BEGIN INPUT
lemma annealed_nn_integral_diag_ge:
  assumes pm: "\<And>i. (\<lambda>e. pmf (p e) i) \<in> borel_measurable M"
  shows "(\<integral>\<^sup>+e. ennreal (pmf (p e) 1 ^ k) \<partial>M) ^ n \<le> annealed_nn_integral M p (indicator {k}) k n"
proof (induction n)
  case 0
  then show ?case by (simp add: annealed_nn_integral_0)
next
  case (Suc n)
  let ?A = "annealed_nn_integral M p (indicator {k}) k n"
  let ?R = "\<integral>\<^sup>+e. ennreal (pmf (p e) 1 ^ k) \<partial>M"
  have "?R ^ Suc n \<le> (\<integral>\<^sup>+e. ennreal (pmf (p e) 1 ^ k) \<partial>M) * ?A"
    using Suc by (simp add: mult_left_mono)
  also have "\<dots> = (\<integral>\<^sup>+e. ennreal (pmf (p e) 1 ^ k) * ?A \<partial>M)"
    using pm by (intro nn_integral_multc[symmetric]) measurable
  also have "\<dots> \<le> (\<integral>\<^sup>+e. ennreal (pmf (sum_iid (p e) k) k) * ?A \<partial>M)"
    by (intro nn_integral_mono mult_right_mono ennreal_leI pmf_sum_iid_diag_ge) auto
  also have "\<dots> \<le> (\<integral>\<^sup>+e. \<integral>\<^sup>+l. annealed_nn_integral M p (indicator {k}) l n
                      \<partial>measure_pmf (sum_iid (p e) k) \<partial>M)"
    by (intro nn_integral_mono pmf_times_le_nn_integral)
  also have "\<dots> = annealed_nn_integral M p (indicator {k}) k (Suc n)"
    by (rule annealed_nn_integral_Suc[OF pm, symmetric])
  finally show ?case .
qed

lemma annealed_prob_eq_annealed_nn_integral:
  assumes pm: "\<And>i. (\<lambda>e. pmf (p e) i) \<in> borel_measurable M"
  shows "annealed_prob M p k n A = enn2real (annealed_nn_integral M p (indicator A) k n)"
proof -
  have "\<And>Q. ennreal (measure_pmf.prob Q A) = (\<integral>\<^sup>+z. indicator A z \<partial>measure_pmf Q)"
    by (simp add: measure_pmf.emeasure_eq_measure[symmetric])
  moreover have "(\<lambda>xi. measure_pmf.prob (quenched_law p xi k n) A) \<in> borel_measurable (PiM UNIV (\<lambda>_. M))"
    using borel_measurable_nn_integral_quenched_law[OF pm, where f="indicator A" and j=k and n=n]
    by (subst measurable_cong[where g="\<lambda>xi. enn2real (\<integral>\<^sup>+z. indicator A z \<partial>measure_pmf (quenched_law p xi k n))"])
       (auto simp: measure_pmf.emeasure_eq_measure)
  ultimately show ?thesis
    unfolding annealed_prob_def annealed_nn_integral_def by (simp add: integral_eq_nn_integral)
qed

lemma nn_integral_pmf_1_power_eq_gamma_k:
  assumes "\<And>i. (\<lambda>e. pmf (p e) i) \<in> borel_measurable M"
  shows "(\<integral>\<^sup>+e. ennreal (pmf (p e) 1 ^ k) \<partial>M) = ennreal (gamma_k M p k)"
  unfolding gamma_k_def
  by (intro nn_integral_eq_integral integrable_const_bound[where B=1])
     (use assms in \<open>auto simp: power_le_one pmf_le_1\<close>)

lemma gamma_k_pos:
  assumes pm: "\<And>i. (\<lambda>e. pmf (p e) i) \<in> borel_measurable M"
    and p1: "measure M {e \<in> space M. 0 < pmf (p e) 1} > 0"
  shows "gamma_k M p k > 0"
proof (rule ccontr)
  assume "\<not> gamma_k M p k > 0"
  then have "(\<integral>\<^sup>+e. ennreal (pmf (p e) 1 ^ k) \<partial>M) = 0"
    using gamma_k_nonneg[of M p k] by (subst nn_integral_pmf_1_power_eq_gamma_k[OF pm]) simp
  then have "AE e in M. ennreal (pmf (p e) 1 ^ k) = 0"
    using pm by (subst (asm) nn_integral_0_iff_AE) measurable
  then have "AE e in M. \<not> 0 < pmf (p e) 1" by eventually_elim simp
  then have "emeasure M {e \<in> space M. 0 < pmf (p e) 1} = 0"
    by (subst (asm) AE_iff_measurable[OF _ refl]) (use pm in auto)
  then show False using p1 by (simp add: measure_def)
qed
END INPUT
• _YOUR GOAL_:
Print each line, exactly as written, from the one that contains "ultimately show ?thesis" to the end of the data above, with both end lines included and nothing else.

• _TASK SOLUTION_:
  ultimately show ?thesis
    unfolding annealed_prob_def annealed_nn_integral_def by (simp add: integral_eq_nn_integral)
qed

lemma nn_integral_pmf_1_power_eq_gamma_k:
  assumes "\<And>i. (\<lambda>e. pmf (p e) i) \<in> borel_measurable M"
  shows "(\<integral>\<^sup>+e. ennreal (pmf (p e) 1 ^ k) \<partial>M) = ennreal (gamma_k M p k)"
  unfolding gamma_k_def
  by (intro nn_integral_eq_integral integrable_const_bound[where B=1])
     (use assms in \<open>auto simp: power_le_one pmf_le_1\<close>)

lemma gamma_k_pos:
  assumes pm: "\<And>i. (\<lambda>e. pmf (p e) i) \<in> borel_measurable M"
    and p1: "measure M {e \<in> space M. 0 < pmf (p e) 1} > 0"
  shows "gamma_k M p k > 0"
proof (rule ccontr)
  assume "\<not> gamma_k M p k > 0"
  then have "(\<integral>\<^sup>+e. ennreal (pmf (p e) 1 ^ k) \<partial>M) = 0"
    using gamma_k_nonneg[of M p k] by (subst nn_integral_pmf_1_power_eq_gamma_k[OF pm]) simp
  then have "AE e in M. ennreal (pmf (p e) 1 ^ k) = 0"
    using pm by (subst (asm) nn_integral_0_iff_AE) measurable
  then have "AE e in M. \<not> 0 < pmf (p e) 1" by eventually_elim simp
  then have "emeasure M {e \<in> space M. 0 < pmf (p e) 1} = 0"
    by (subst (asm) AE_iff_measurable[OF _ refl]) (use pm in auto)
  then show False using p1 by (simp add: measure_def)
qed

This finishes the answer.